Если бы такое приветствие исходило со стороны какого-нибудь двадцатилетнего пацана, то оно показалось бы хамством. Из уст же сорока-с-лишним-летнего мужчины звучало комплиментом. Бабушки заулыбались и растаяли. Совин взял их голыми руками, без боя. Дмитрий заглянул в вытащенную из кармана халата бумажку и заглянул в нее, сверяясь с ранее сделанными записями. Бабульки не могли знать, что бумажка была девственно чиста.
— Иванихины из двенадцатой где живут?
Минуту назад за такую неграмотную постановку вопроса он запросто мог бы нарваться на грубость: дескать, в двенадцатой и живут, где же ещё. Но не теперь. Теперь Совин получал горячую информацию легко и без особых усилий. К тому же фамилия «Иванихин» при популярнейшем русском корне «иван» на самом деле была весьма редкой — в вопросах языка Совин ляпов не допускал и просчитывал вперед на пять ходов. Фамилия была специально изобретена, чтобы даже случайно не совпасть с действительной фамилией лохматого музыканта. И номер квартиры упомянул сразу не зря. Действительно, не будешь же подходить с вопросом, кто живет, в двенадцатой квартире. Примут за какого-нибудь жулика, А Дмитрий Совин считал себя человеком честным. И если жуликоватым, то в меру.
Бабушки тем временем нестройным хором излагали подробную биографию жильцов двенадцатой квартиры.
Андреевы. Что ж, прекрасная фамилия. Мать… Отец… Это пропускаем. Володька Андреев. Композитор проклятый. Почему же проклятый? А спать людям не дает, покою от евонной музыки нет. Да разве это музыка! Одно буханье. Вот раньше была музыка! Бабушки, раздраженные современной российской эстрадой, хоть сейчас готовы были исполнить «Вот кто-то с горочки спустился…» Совин с трудом их остановил.
И далее в том же духе… Бабушкам так понравился общительный и внимательный молодой человек, что с проклятого композитора Володьки они плавно перешли на алкоголиков Дрыновых («Вот уж воистину „говорящая“ фамилия!» — восхитился про себя Совин), жильцов квартиры номер тридцать шесть.

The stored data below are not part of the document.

(* Let $\gamma:[0,\infty)\to[0,\infty)$, $t\mapsto\gamma_t$, be monotonically decreasing, $\Gamma(t)=\int_0^t\gamma_s\,ds$, and let $\mathcal K:[0,\infty)\to[0,\infty)$ be monotonically decreasing with $\|\mathcal K\|_1<\infty$, $F:[0,\infty)\to[0,\infty)$, and $R:[0,\infty)\to[0,\infty)$ satisfy \[ R(t)=F(\Gamma(t))+\int_0^t\gamma_s^2\mathcal K(\Gamma(t)-\Gamma(s))R(s)\,ds. \] Then for all $t$, \[ R(t)\ge F(\Gamma(t))+\int_0^t\gamma_s^2\mathcal K(\Gamma(t)-\Gamma(s))F(\Gamma(s))\,ds. \] If in addition there exist $\epsilon>0$ and $T>0$ such that for all $t>T$, $\int_0^t\mathcal K(s)\mathcal K(t-s)\,ds\le2(1+\epsilon)\|\mathcal K\|_1\mathcal K(t)$, and $2\|\mathcal K\|_1(1+\epsilon)\gamma_0<1$, then for all $t$, \[ R(t)\le F(\Gamma(t))+C\int_0^t\gamma_s^2\mathcal K(\Gamma(t)-\Gamma(s))F(\Gamma(s))\,ds,\qquad C=\Big(\frac{\mathcal K(0)}{\mathcal K(T)(2\epsilon+1)}+2\Big)\frac{1}{1-2\gamma_0\|\mathcal K\|_1(1+\epsilon)}. \]
   Context: $\|\mathcal K\|_1=\int_0^\infty\mathcal K(x)\,dx$. In the paper's application, $F(x)=\frac1{2d}\sum_i\lambda_iD_i^2(0)e^{-2\lambda_ix}$ and $\mathcal K(x)=\frac1d\sum_i\lambda_i^2e^{-2\lambda_ix}$ for the eigenvalues $\lambda_i\ge0$ of a covariance matrix, so all functions involved are nonnegative. *)

theory Defs
  imports "HOL-Analysis.Analysis"
begin

end

theory Submission
  imports Defs
begin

Но эта информация была уже лишней.
Ну не интересовали Совина граждане Дрыновы, хоть ты тресни…
Дмитрий вернулся к Иванихиным, выяснил, что ошибся номером дома, что таких здесь нет, сокрушенно похлопал себя по лбу, широко оповестил старушечью общественность о начавшейся в столице повсеместной эпибрации коммутирования линий, которая, известное дело, ждать не может, и отбыл к машине, оставив «девушек» в состоянии совершеннейшей в себя влюбленности.
* * *
По поводу очередного совинского звонка оторванный от работы шоу-журналист Стас выразился непечатно. «Проклятый композитор» Володька Андреев не был ему известен. А поскольку в музыкально-попсовом мире Стас знал очень и очень многих, практически всех, Дмитрий сделал вывод, что господин Толстый работает с неизвестным молодым аранжировщиком по причинам, о которых с большой долей уверенности можно было догадаться.
Причина номер раз. Молодой Андреев, видимо, в музыке кое-что может. Здесь уверенность почти стопроцентная. Попса, конечно. То есть не Бетховен. Но мелодии у якобы «песен Марины Снегиревой» всё-таки отличаются от общего серого среднего уровня.
Причина номер два. С более-менее известным композитором работать Толстому опасно и дорого. Да и вряд ли кто из известных пойдет на такую фальсификацию, какой занимался Клевцов.
Зачем в расследовании нужно было выходить на композитора, Дмитрий и сам не знал. Но, с другой стороны, никакое знание лишним не бывает. Совин мысленно поставил в «деле Снегиревой» галочку и завёл двигатель…
* * *
«Какая нонсенс!» — любил говаривать один сокурсник Совина. Иметь оружие и не уметь им пользоваться — это, по меньшей мере, неправильно. Руководимый этой мыслью, крутой рейнджер Дмитрий Совин в глухом месте Измаиловского парка уже третий час тренировался в стрельбе из пневматического пистолета и арбалета.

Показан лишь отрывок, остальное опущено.